▸ **TASK PROMPT**
Repeat all of the data exactly. Leave nothing out.

▸ **TASK MATERIAL**
[Start of section]
lemma abs_le_by_continuation:
  fixes y y' :: "real \<Rightarrow> real"
  assumes deriv: "\<And>s. s \<in> {a..b} \<Longrightarrow> (y has_real_derivative y' s) (at s within {a..b})"
    and bound: "\<And>s. s \<in> {a..b} \<Longrightarrow> \<bar>y s\<bar> \<le> R \<Longrightarrow> \<bar>y' s\<bar> \<le> L"
    and "0 \<le> L" and start: "\<bar>y a\<bar> + L * (b - a) < R" and t: "t \<in> {a..b}"
  shows "\<bar>y t\<bar> \<le> R"
proof (rule ccontr)
  assume "\<not> \<bar>y t\<bar> \<le> R"
  have cont: "continuous_on {a..b} y"
    using deriv by (rule DERIV_continuous_on)
  define T where "T = {a..b} \<inter> (\<lambda>s. \<bar>y s\<bar>) -` {R..}"
  have "t \<in> T" using t \<open>\<not> \<bar>y t\<bar> \<le> R\<close> by (auto simp: T_def)
  moreover have "closed T" unfolding T_def
    by (rule continuous_closed_preimage) (auto intro: continuous_intros cont)
  moreover have bdd: "bdd_below T" by (auto simp: T_def bdd_below_def)
  ultimately have "Inf T \<in> T" using closed_contains_Inf by blast
  define t1 where "t1 = Inf T"
  have t1: "a \<le> t1" "t1 \<le> b" "R \<le> \<bar>y t1\<bar>"
    using \<open>Inf T \<in> T\<close> by (auto simp: T_def t1_def)
  have before: "\<bar>y s\<bar> < R" if "a \<le> s" "s < t1" for s
  proof (rule ccontr)
    assume "\<not> \<bar>y s\<bar> < R"
    then have "s \<in> T" using that t1 by (auto simp: T_def)
    then show False using cInf_lower[OF _ bdd, of s] that by (simp add: t1_def)
  qed
  have "0 \<le> L * (b - a)"
    using \<open>0 \<le> L\<close> t by simp
  with start have "\<bar>y a\<bar> < R"
    by linarith
  moreover have "continuous_on {a..t1} (\<lambda>s. \<bar>y s\<bar>)"
    using t1 by (intro continuous_intros continuous_on_subset[OF cont]) auto
  ultimately obtain t2 where "a \<le> t2" "t2 \<le> t1" "\<bar>y t2\<bar> = R"
    using IVT'[of "\<lambda>s. \<bar>y s\<bar>" a R t1] t1 by auto
  then have "\<bar>y t1\<bar> = R"
    using before[of t2] by (cases "t2 = t1") auto
  have "\<bar>y t1 - y a\<bar> \<le> L * (t1 - a)"
  proof (rule abs_diff_le_of_deriv_bound[OF deriv])
    show "\<bar>y' s\<bar> \<le> L" if "s \<in> {a..t1}" for s
      using bound[of s] before[of s] \<open>\<bar>y t1\<bar> = R\<close> that t1 by (cases "s = t1") auto
  qed (use t1 in auto)
  moreover have "L * (t1 - a) \<le> L * (b - a)"
    using t1 \<open>0 \<le> L\<close> by (intro mult_left_mono) auto
  ultimately show False
    using start \<open>\<bar>y t1\<bar> = R\<close> by linarith
qed

lemma abel_solution_first_integral:
  fixes f g G x :: "real \<Rightarrow> real"
  assumes solution: "abel_solution f g x" and nonzero: "\<forall>t\<in>{-1..1}. x t \<noteq> 0"
    and G: "\<And>t. t \<in> {-1..1} \<Longrightarrow> (G has_real_derivative g t) (at t within {-1..1})"
    and periodic: "x 1 = x (-1)" "G 1 = G (-1)"
  shows "((\<lambda>t. f t * x t) has_integral 0) {-1..1}"
proof -
  \<comment> \<open>\<open>(1/x + G)' = - (f x^3 + g x^2) / x^2 + g = - f x\<close>\<close>
  have "((\<lambda>t. inverse (x t) + G t) has_vector_derivative - (f t * x t)) (at t within {-1..1})"
    if "t \<in> {-1..1}" for t
  proof -
    have "(x has_real_derivative f t * x t^3 + g t * x t^2) (at t within {-1..1})"
      using solution that unfolding abel_solution_def by blast
    from DERIV_add[OF DERIV_inverse'[OF this] G[OF that]]
    have "((\<lambda>t. inverse (x t) + G t) has_real_derivative
            - (inverse (x t) * (f t * x t^3 + g t * x t^2) * inverse (x t)) + g t) (at t within {-1..1})"
      using nonzero that by simp
    moreover have "- (inverse (x t) * (f t * x t^3 + g t * x t^2) * inverse (x t)) + g t = - (f t * x t)"
      using nonzero that by (simp add: divide_simps power2_eq_square power3_eq_cube)
    ultimately show ?thesis
      by (simp add: has_real_derivative_iff_has_vector_derivative)
  qed
  then have "((\<lambda>t. - (f t * x t)) has_integral (inverse (x 1) + G 1) - (inverse (x (-1)) + G (-1))) {-1..1}"
    by (intro fundamental_theorem_of_calculus) auto
  then have "((\<lambda>t. - (f t * x t)) has_integral 0) {-1..1}"
    using periodic by simp
  from has_integral_neg[OF this] show ?thesis
    by simp
qed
[End of section]
▸ **YOUR SOLUTION**
lemma abs_le_by_continuation:
  fixes y y' :: "real \<Rightarrow> real"
  assumes deriv: "\<And>s. s \<in> {a..b} \<Longrightarrow> (y has_real_derivative y' s) (at s within {a..b})"
    and bound: "\<And>s. s \<in> {a..b} \<Longrightarrow> \<bar>y s\<bar> \<le> R \<Longrightarrow> \<bar>y' s\<bar> \<le> L"
    and "0 \<le> L" and start: "\<bar>y a\<bar> + L * (b - a) < R" and t: "t \<in> {a..b}"
  shows "\<bar>y t\<bar> \<le> R"
proof (rule ccontr)
  assume "\<not> \<bar>y t\<bar> \<le> R"
  have cont: "continuous_on {a..b} y"
    using deriv by (rule DERIV_continuous_on)
  define T where "T = {a..b} \<inter> (\<lambda>s. \<bar>y s\<bar>) -` {R..}"
  have "t \<in> T" using t \<open>\<not> \<bar>y t\<bar> \<le> R\<close> by (auto simp: T_def)
  moreover have "closed T" unfolding T_def
    by (rule continuous_closed_preimage) (auto intro: continuous_intros cont)
  moreover have bdd: "bdd_below T" by (auto simp: T_def bdd_below_def)
  ultimately have "Inf T \<in> T" using closed_contains_Inf by blast
  define t1 where "t1 = Inf T"
  have t1: "a \<le> t1" "t1 \<le> b" "R \<le> \<bar>y t1\<bar>"
    using \<open>Inf T \<in> T\<close> by (auto simp: T_def t1_def)
  have before: "\<bar>y s\<bar> < R" if "a \<le> s" "s < t1" for s
  proof (rule ccontr)
    assume "\<not> \<bar>y s\<bar> < R"
    then have "s \<in> T" using that t1 by (auto simp: T_def)
    then show False using cInf_lower[OF _ bdd, of s] that by (simp add: t1_def)
  qed
  have "0 \<le> L * (b - a)"
    using \<open>0 \<le> L\<close> t by simp
  with start have "\<bar>y a\<bar> < R"
    by linarith
  moreover have "continuous_on {a..t1} (\<lambda>s. \<bar>y s\<bar>)"
    using t1 by (intro continuous_intros continuous_on_subset[OF cont]) auto
  ultimately obtain t2 where "a \<le> t2" "t2 \<le> t1" "\<bar>y t2\<bar> = R"
    using IVT'[of "\<lambda>s. \<bar>y s\<bar>" a R t1] t1 by auto
  then have "\<bar>y t1\<bar> = R"
    using before[of t2] by (cases "t2 = t1") auto
  have "\<bar>y t1 - y a\<bar> \<le> L * (t1 - a)"
  proof (rule abs_diff_le_of_deriv_bound[OF deriv])
    show "\<bar>y' s\<bar> \<le> L" if "s \<in> {a..t1}" for s
      using bound[of s] before[of s] \<open>\<bar>y t1\<bar> = R\<close> that t1 by (cases "s = t1") auto
  qed (use t1 in auto)
  moreover have "L * (t1 - a) \<le> L * (b - a)"
    using t1 \<open>0 \<le> L\<close> by (intro mult_left_mono) auto
  ultimately show False
    using start \<open>\<bar>y t1\<bar> = R\<close> by linarith
qed

lemma abel_solution_first_integral:
  fixes f g G x :: "real \<Rightarrow> real"
  assumes solution: "abel_solution f g x" and nonzero: "\<forall>t\<in>{-1..1}. x t \<noteq> 0"
    and G: "\<And>t. t \<in> {-1..1} \<Longrightarrow> (G has_real_derivative g t) (at t within {-1..1})"
    and periodic: "x 1 = x (-1)" "G 1 = G (-1)"
  shows "((\<lambda>t. f t * x t) has_integral 0) {-1..1}"
proof -
  \<comment> \<open>\<open>(1/x + G)' = - (f x^3 + g x^2) / x^2 + g = - f x\<close>\<close>
  have "((\<lambda>t. inverse (x t) + G t) has_vector_derivative - (f t * x t)) (at t within {-1..1})"
    if "t \<in> {-1..1}" for t
  proof -
    have "(x has_real_derivative f t * x t^3 + g t * x t^2) (at t within {-1..1})"
      using solution that unfolding abel_solution_def by blast
    from DERIV_add[OF DERIV_inverse'[OF this] G[OF that]]
    have "((\<lambda>t. inverse (x t) + G t) has_real_derivative
            - (inverse (x t) * (f t * x t^3 + g t * x t^2) * inverse (x t)) + g t) (at t within {-1..1})"
      using nonzero that by simp
    moreover have "- (inverse (x t) * (f t * x t^3 + g t * x t^2) * inverse (x t)) + g t = - (f t * x t)"
      using nonzero that by (simp add: divide_simps power2_eq_square power3_eq_cube)
    ultimately show ?thesis
      by (simp add: has_real_derivative_iff_has_vector_derivative)
  qed
  then have "((\<lambda>t. - (f t * x t)) has_integral (inverse (x 1) + G 1) - (inverse (x (-1)) + G (-1))) {-1..1}"
    by (intro fundamental_theorem_of_calculus) auto
  then have "((\<lambda>t. - (f t * x t)) has_integral 0) {-1..1}"
    using periodic by simp
  from has_integral_neg[OF this] show ?thesis
    by simp
qed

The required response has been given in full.